The only tiny error in his program was a tight landing on his first quadruple toe loop. He was only able to add a double toe loop in combination, instead of the usual triple, but he added the triple toe loop back in during the second half of his program, on the back of a triple flip.

“I was really happy,” said Chan. “The pacing of the program was great. I took my time, made sure I breathed the entire time, and didn’t rush. I actually didn’t feel tired at the end of the program. I was so excited.”

This outing will only give him confidence heading into the Four Continents Championships, which will be held this year in Colorado Springs, Co., U.S.A. Chan trains there and will surely want to give his newly adopted hometown a fantastic show. After that, it is on to the World Championships where he hopes to defend his title and is looking forward to facing Evgeni Plushenko.

Kevin Reynolds (BC/YT) created a spark of his own with a 158.63-point free skate. His total score of 239.44 was more than enough for the silver medal, and the 21-year-old was definitely satisfied with his effort.

“These are the strongest two programs I have put back-to-back in the same competition,” Reynolds said. “It couldn’t have come at a better time, at the National Championships, so I’m thrilled.”

With three different quadruple jumps—Salchow, toe loop, and loop—Reynolds’ free skate was quite the technical feat. Even with a downgrade on his quadruple loop, the program to music from the video game Chrono Trigger had a next-generation feel to it. This showing at the Canadian Championships is far better than last year’s where he was hampered by a hip injury and placed off the podium.

Although Reynolds did end up competing at the World Championships as an alternate, his 20th-place finish was not what he had expected from himself and vows to finish higher this year.

“I am excited to be on the World Team outright this year and not on the edge as an alternate,” Reynolds said. “I’m looking forward to that. I’ll be training harder than ever.”

While Reynolds’ free skate was strong to the naked eye, the technical panel found a few downgrades on his jumps. He will certainly be focusing on cleaning up those issues when he resumes training at home.

Jeremy Ten (BC/YT) and Elladj Baldé (QC) battled each other for the bronze medal with Ten squeezing past Baldé. Ten earned 136.69 points in his free skate and had an overall score of 207.50, while Baldé’s 138.21-point free skate earned him 206.53 points in total. Ten won on the strength of his program components in his fluid free program to music from Il Postino.

After several injuries during the past year, Ten was hoping for a comeback at these championships. While the comeback did not happen in the fashion that he hoped, he was thrilled and relieved to stand on the podium.

Baldé certainly won the crowd with his electrifying free skate to Michael Jackson. His jumps were more secure than Ten’s, and the decision was so close that it could have gone either way. Although Baldé has made big improvements to his execution and polish, he is not yet at the level that Ten has developed, and today, the panel went with Ten’s sophistication. It is a tough break, but an excellent learning experience for Baldé.

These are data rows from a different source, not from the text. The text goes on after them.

text \<open>\<open>A\<close> embeds the \<open>c\<close>-eigenspace of \<open>A B\<close> into its \<open>-c\<close>-eigenspace.\<close>

lemma anticommuting_pair_eigenspace:
  fixes A B :: "complex^'n^'n"
  assumes BA: "B ** A = - (A ** B)" and W: "vec.subspace W" and nonzero: "W \<noteq> {0}"
    and inv_A: "\<forall>y\<in>W. A *v y \<in> W" and inv_B: "\<forall>y\<in>W. B *v y \<in> W"
    and inj_A: "\<forall>y\<in>W. A *v y = 0 \<longrightarrow> y = 0" and inj_B: "\<forall>y\<in>W. B *v y = 0 \<longrightarrow> y = 0"
  obtains c where "{y\<in>W. (A ** B) *v y = c *s y} \<noteq> {0}"
    and "2 * vec.dim {y\<in>W. (A ** B) *v y = c *s y} \<le> vec.dim W"
proof -
  define E where "E c = {y\<in>W. (A ** B) *v y = c *s y}" for c
  have AB_apply: "(A ** B) *v y = A *v (B *v y)" for y
    by (simp add: matrix_vector_mul_assoc)
  have inv_AB: "\<forall>y\<in>W. (A ** B) *v y \<in> W" and inj_AB: "\<forall>y\<in>W. (A ** B) *v y = 0 \<longrightarrow> y = 0"
    using inv_A inv_B inj_A inj_B unfolding AB_apply by blast+
  obtain y c where y: "y \<in> W" "y \<noteq> 0" "(A ** B) *v y = c *s y"
    using invariant_subspace_has_eigenvector[OF W inv_AB nonzero] by blast
  have "c \<noteq> 0"
  proof
    assume "c = 0"
    then have "(A ** B) *v y = 0"
      using y(3) by simp
    then show False
      using inj_AB y(1,2) by blast
  qed
  have E_subspace: "vec.subspace (E d)" for d
    unfolding E_def by (rule subspace_eigenspace_within[OF W])
  have "vec.dim (E c) = vec.dim ((\<lambda>y. A *v y) ` E c)"
    using dim_image_inj_on[OF E_subspace] inj_A by (auto simp: E_def)
  also have "\<dots> \<le> vec.dim (E (- c))"
    using eigenspace_swap_if_anticommute[OF anticommute_with_own_product[OF BA] inv_A]
    by (intro vec.dim_subset) (auto simp: E_def)
  finally have half: "vec.dim (E c) \<le> vec.dim (E (- c))" .
  have "E c \<inter> E (- c) \<subseteq> {0}"
    using eigenspaces_disjoint[of c "- c" "A ** B"] \<open>c \<noteq> 0\<close> by (auto simp: E_def)
  then have "vec.dim (E c) + vec.dim (E (- c)) = vec.dim {u + v |u v. u \<in> E c \<and> v \<in> E (- c)}"
    using dim_direct_sum[OF E_subspace E_subspace] by simp
  also have "\<dots> \<le> vec.dim W"
    by (intro vec.dim_subset) (auto simp: E_def intro: vec.subspace_add[OF W])
  finally have "2 * vec.dim (E c) \<le> vec.dim W"
    using half by simp
  moreover have "E c \<noteq> {0}"
    using y by (auto simp: E_def)
  ultimately show ?thesis
    using that unfolding E_def by blast
qed

lemma anticommuting_injective_family_dim:
  fixes e :: "'i \<Rightarrow> complex^'n^'n"
  assumes anti: "\<forall>i\<in>I. \<forall>j\<in>I. i \<noteq> j \<longrightarrow> e i ** e j = - (e j ** e i)"
  shows "finite S \<Longrightarrow> S \<subseteq> I \<Longrightarrow> vec.subspace W \<Longrightarrow> W \<noteq> {0}
    \<Longrightarrow> \<forall>i\<in>S. \<forall>y\<in>W. e i *v y \<in> W \<Longrightarrow> \<forall>i\<in>S. \<forall>y\<in>W. e i *v y = 0 \<longrightarrow> y = 0
    \<Longrightarrow> 2 ^ (card S div 2) \<le> vec.dim W"
proof (induction "card S" arbitrary: S W rule: less_induct)
  case less
  note S = less.prems(1,2) and W = less.prems(3,4) and inv = less.prems(5) and inj = less.prems(6)
  have "1 \<le> vec.dim W"
    using one_le_dim_if_nonzero W by blast
  show ?case
  proof (cases "card S < 2")
    case True
    then show ?thesis
      using \<open>1 \<le> vec.dim W\<close> by simp
  next
    case False
    then obtain a b where ab: "a \<in> S" "b \<in> S" "a \<noteq> b"
      using card_le_Suc0_iff_eq[OF S(1)] by fastforce
    have "e b ** e a = - (e a ** e b)"
      using S(2) ab by (intro anti[rule_format]) auto
    moreover have "\<forall>y\<in>W. e a *v y \<in> W" "\<forall>y\<in>W. e b *v y \<in> W"
      and "\<forall>y\<in>W. e a *v y = 0 \<longrightarrow> y = 0" "\<forall>y\<in>W. e b *v y = 0 \<longrightarrow> y = 0"
      using inv inj ab by blast+
    ultimately obtain c where E: "{y\<in>W. (e a ** e b) *v y = c *s y} \<noteq> {0}"
      "2 * vec.dim {y\<in>W. (e a ** e b) *v y = c *s y} \<le> vec.dim W"
      using anticommuting_pair_eigenspace[OF _ W] by blast
    let ?E = "{y\<in>W. (e a ** e b) *v y = c *s y}"
    have inv_E: "\<forall>i\<in>S - {a, b}. \<forall>y\<in>?E. e i *v y \<in> ?E"
    proof (intro ballI)
      fix i y assume i: "i \<in> S - {a, b}" and y: "y \<in> ?E"
      have "e i ** (e a ** e b) = (e a ** e b) ** e i"
        using S(2) ab i by (intro commute_with_anticommuting_product anti[rule_format]) auto
      moreover have "\<forall>y\<in>W. e i *v y \<in> W"
        using inv i by simp
      ultimately show "e i *v y \<in> ?E"
        by (rule eigenspace_invariant_if_commute[OF sym _ y])
    qed
    have inj_E: "\<forall>i\<in>S - {a, b}. \<forall>y\<in>?E. e i *v y = 0 \<longrightarrow> y = 0"
      using inj by blast
    have "card (S - {a, b}) < card S"
      using ab S(1) by (intro psubset_card_mono) auto
    moreover have "finite (S - {a, b})" "S - {a, b} \<subseteq> I"
      using S by auto
    ultimately have "2 ^ (card (S - {a, b}) div 2) \<le> vec.dim ?E"
      using less.hyps[OF _ _ _ subspace_eigenspace_within[OF W(1)] E(1) inv_E inj_E] by blast
    moreover have "card (S - {a, b}) = card S - 2"
      using ab S(1) by (simp add: card_Diff_subset)
    moreover have "card S div 2 = Suc ((card S - 2) div 2)"
      using False by (simp add: div_if)
    ultimately show ?thesis
      using E(2) by simp
  qed
qed

section \<open>The rank bound\<close>

definition anticomm_rank_bound :: "nat \<Rightarrow> real" where
  "anticomm_rank_bound d = (2 * log 2 (real d) + 1) * real d"

lemma anticomm_rank_bound_superadditive:
  assumes "1 \<le> a" "1 \<le> b"
  shows "anticomm_rank_bound a + anticomm_rank_bound b \<le> anticomm_rank_bound (a + b)"
proof -
  have "log 2 (real a) \<le> log 2 (real (a + b))" "log 2 (real b) \<le> log 2 (real (a + b))"
    using assms by (simp_all add: log_mono)
  then have "(2 * log 2 (real a) + 1) * real a \<le> (2 * log 2 (real (a + b)) + 1) * real a"
    and "(2 * log 2 (real b) + 1) * real b \<le> (2 * log 2 (real (a + b)) + 1) * real b"
    by (simp_all add: mult_right_mono)
  then show ?thesis
    unfolding anticomm_rank_bound_def by (simp add: distrib_left)
qed

lemma card_mult_le_anticomm_rank_bound:
  assumes "2 ^ (c div 2) \<le> d"
  shows "real c * real d \<le> anticomm_rank_bound d"
proof -
  have "(1::nat) \<le> 2 ^ (c div 2)"
    by simp
  then have "1 \<le> d"
    using assms by linarith
  have pow: "(2::real) ^ (c div 2) \<le> real d"
    using assms by (metis of_nat_le_iff of_nat_numeral of_nat_power)
  have "real (c div 2) = log 2 (2 ^ (c div 2))"
    by (simp add: log_nat_power)
  also have "\<dots> \<le> log 2 (real d)"
    using pow by (intro log_mono) simp_all
  finally have "real c \<le> 2 * log 2 (real d) + 1"
    by linarith
  then show ?thesis
    unfolding anticomm_rank_bound_def using \<open>1 \<le> d\<close> by (simp add: mult_right_mono)
qed

lemma dim_image_direct_sum:
  fixes Q :: "'a::field^'n^'n"
  assumes U: "vec.subspace U" and V: "vec.subspace V" and UV: "U \<inter> V \<subseteq> {0}"
    and inv_U: "\<forall>y\<in>U. Q *v y \<in> U" and inv_V: "\<forall>y\<in>V. Q *v y \<in> V"
  shows "vec.dim ((\<lambda>y. Q *v y) ` {u + v |u v. u \<in> U \<and> v \<in> V})
           = vec.dim ((\<lambda>y. Q *v y) ` U) + vec.dim ((\<lambda>y. Q *v y) ` V)"
proof -
  let ?QU = "(\<lambda>y. Q *v y) ` U" and ?QV = "(\<lambda>y. Q *v y) ` V"
  have image_sum: "(\<lambda>y. Q *v y) ` {u + v |u v. u \<in> U \<and> v \<in> V} = {u + v |u v. u \<in> ?QU \<and> v \<in> ?QV}"
  proof (intro equalityI subsetI)
    fix z assume "z \<in> (\<lambda>y. Q *v y) ` {u + v |u v. u \<in> U \<and> v \<in> V}"
    then obtain u v where "u \<in> U" "v \<in> V" "z = Q *v (u + v)"
      by blast
    then show "z \<in> {u + v |u v. u \<in> ?QU \<and> v \<in> ?QV}"
      unfolding matrix_vector_right_distrib by blast
  next
    fix z assume "z \<in> {u + v |u v. u \<in> ?QU \<and> v \<in> ?QV}"
    then obtain u v where "u \<in> U" "v \<in> V" "z = Q *v u + Q *v v"
      by blast
    then show "z \<in> (\<lambda>y. Q *v y) ` {u + v |u v. u \<in> U \<and> v \<in> V}"
      unfolding matrix_vector_right_distrib[symmetric] by blast
  qed
  have "?QU \<inter> ?QV \<subseteq> {0}"
  proof
    fix z assume "z \<in> ?QU \<inter> ?QV"
    then have "z \<in> U \<inter> V"
      using inv_U inv_V by auto
    then show "z \<in> {0}"
      using UV by blast
  qed
  then show ?thesis
    unfolding image_sum by (rule dim_direct_sum[OF vec.subspace_image[OF U] vec.subspace_image[OF V]])
qed
lemma Bernstein_inequality_indicator_sum:
  fixes p t s :: real
  assumes "0 < p" "p < 1" "0 < t" "\<bar>s\<bar> = 1"
  shows "measure (unif_n n)
           {x \<in> space (unif_n n). real n * t \<le> s * (\<Sum>i<n. (if x i \<le> p then 1 else 0) - p)}
         \<le> exp (- (real n * t\<^sup>2) / (2 * (p * (1 - p) + t / 3)))"
proof -
  define \<sigma> where "\<sigma> = p * (1 - p)"
  define l where "l = t / (\<sigma> + t / 3)"
  define f where "f x = s * (\<Sum>i<n. (if x i \<le> p then 1 else 0) - p)" for x :: "nat \<Rightarrow> real"
  interpret prob_space "unif_n n"
    by (rule prob_space_unif_n)
  have "0 < \<sigma>"
    using assms by (simp add: \<sigma>_def)
  then have l: "0 < l" "l < 3"
    using assms by (simp_all add: l_def field_simps)
  have [measurable]: "f \<in> borel_measurable (unif_n n)"
    unfolding f_def unif_n_def by measurable
  have "emeasure (unif_n n) {x \<in> space (unif_n n). real n * t \<le> f x}
      \<le> ennreal (exp (- l * (real n * t)))
          * (\<integral>\<^sup>+x. ennreal (exp (l * f x)) * indicator (space (unif_n n)) x \<partial>unif_n n)"
    using l by (intro Chernoff_ineq_nn_integral_ge) auto
  also have "(\<integral>\<^sup>+x. ennreal (exp (l * f x)) * indicator (space (unif_n n)) x \<partial>unif_n n)
      = (\<integral>\<^sup>+x. ennreal (exp (l * f x)) \<partial>unif_n n)"
    by (intro nn_integral_cong) simp
  also have "\<dots> \<le> ennreal (exp (real n * (\<sigma> * (l\<^sup>2 / (2 * (1 - l / 3))))))"
    unfolding f_def \<sigma>_def using assms l by (intro nn_integral_exp_indicator_sum_le) auto
  also have "ennreal (exp (- l * (real n * t))) * ennreal (exp (real n * (\<sigma> * (l\<^sup>2 / (2 * (1 - l / 3))))))
      = ennreal (exp (real n * (- l * t + \<sigma> * (l\<^sup>2 / (2 * (1 - l / 3))))))"
    by (simp flip: ennreal_mult exp_add add: algebra_simps)
  also have "- l * t + \<sigma> * (l\<^sup>2 / (2 * (1 - l / 3))) = - t\<^sup>2 / (2 * (\<sigma> + t / 3))"
    unfolding l_def using \<open>0 < \<sigma>\<close> \<open>0 < t\<close> by (rule Bernstein_exponent_at_optimum)
  finally have "emeasure (unif_n n) {x \<in> space (unif_n n). real n * t \<le> f x}
      \<le> ennreal (exp (- (real n * t\<^sup>2) / (2 * (\<sigma> + t / 3))))"
    by (simp add: mult_left_mono)
  then show ?thesis
    by (simp add: emeasure_eq_measure f_def \<sigma>_def)
qed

Andrei Rogozine (CO) finished fifth, just making the national team, with a score of 188.64. After being disappointed with his short program, he came back strong in his free skate, managing to stay on his feet on two triple Axels after a secure triple flip-triple toe loop combination. The 2011 World Junior Champion has had a rough time at his senior-level Canadian Championships so far, but this free skate should be a bit of redemption for him.

Liam Firus (BC/YT) was sixth with 187.78 points, just missing the national team. Firus and youngster Nam Nguyen (BC/YT), who finished just behind him in seventh, will represent Canada at the World Junior Championships.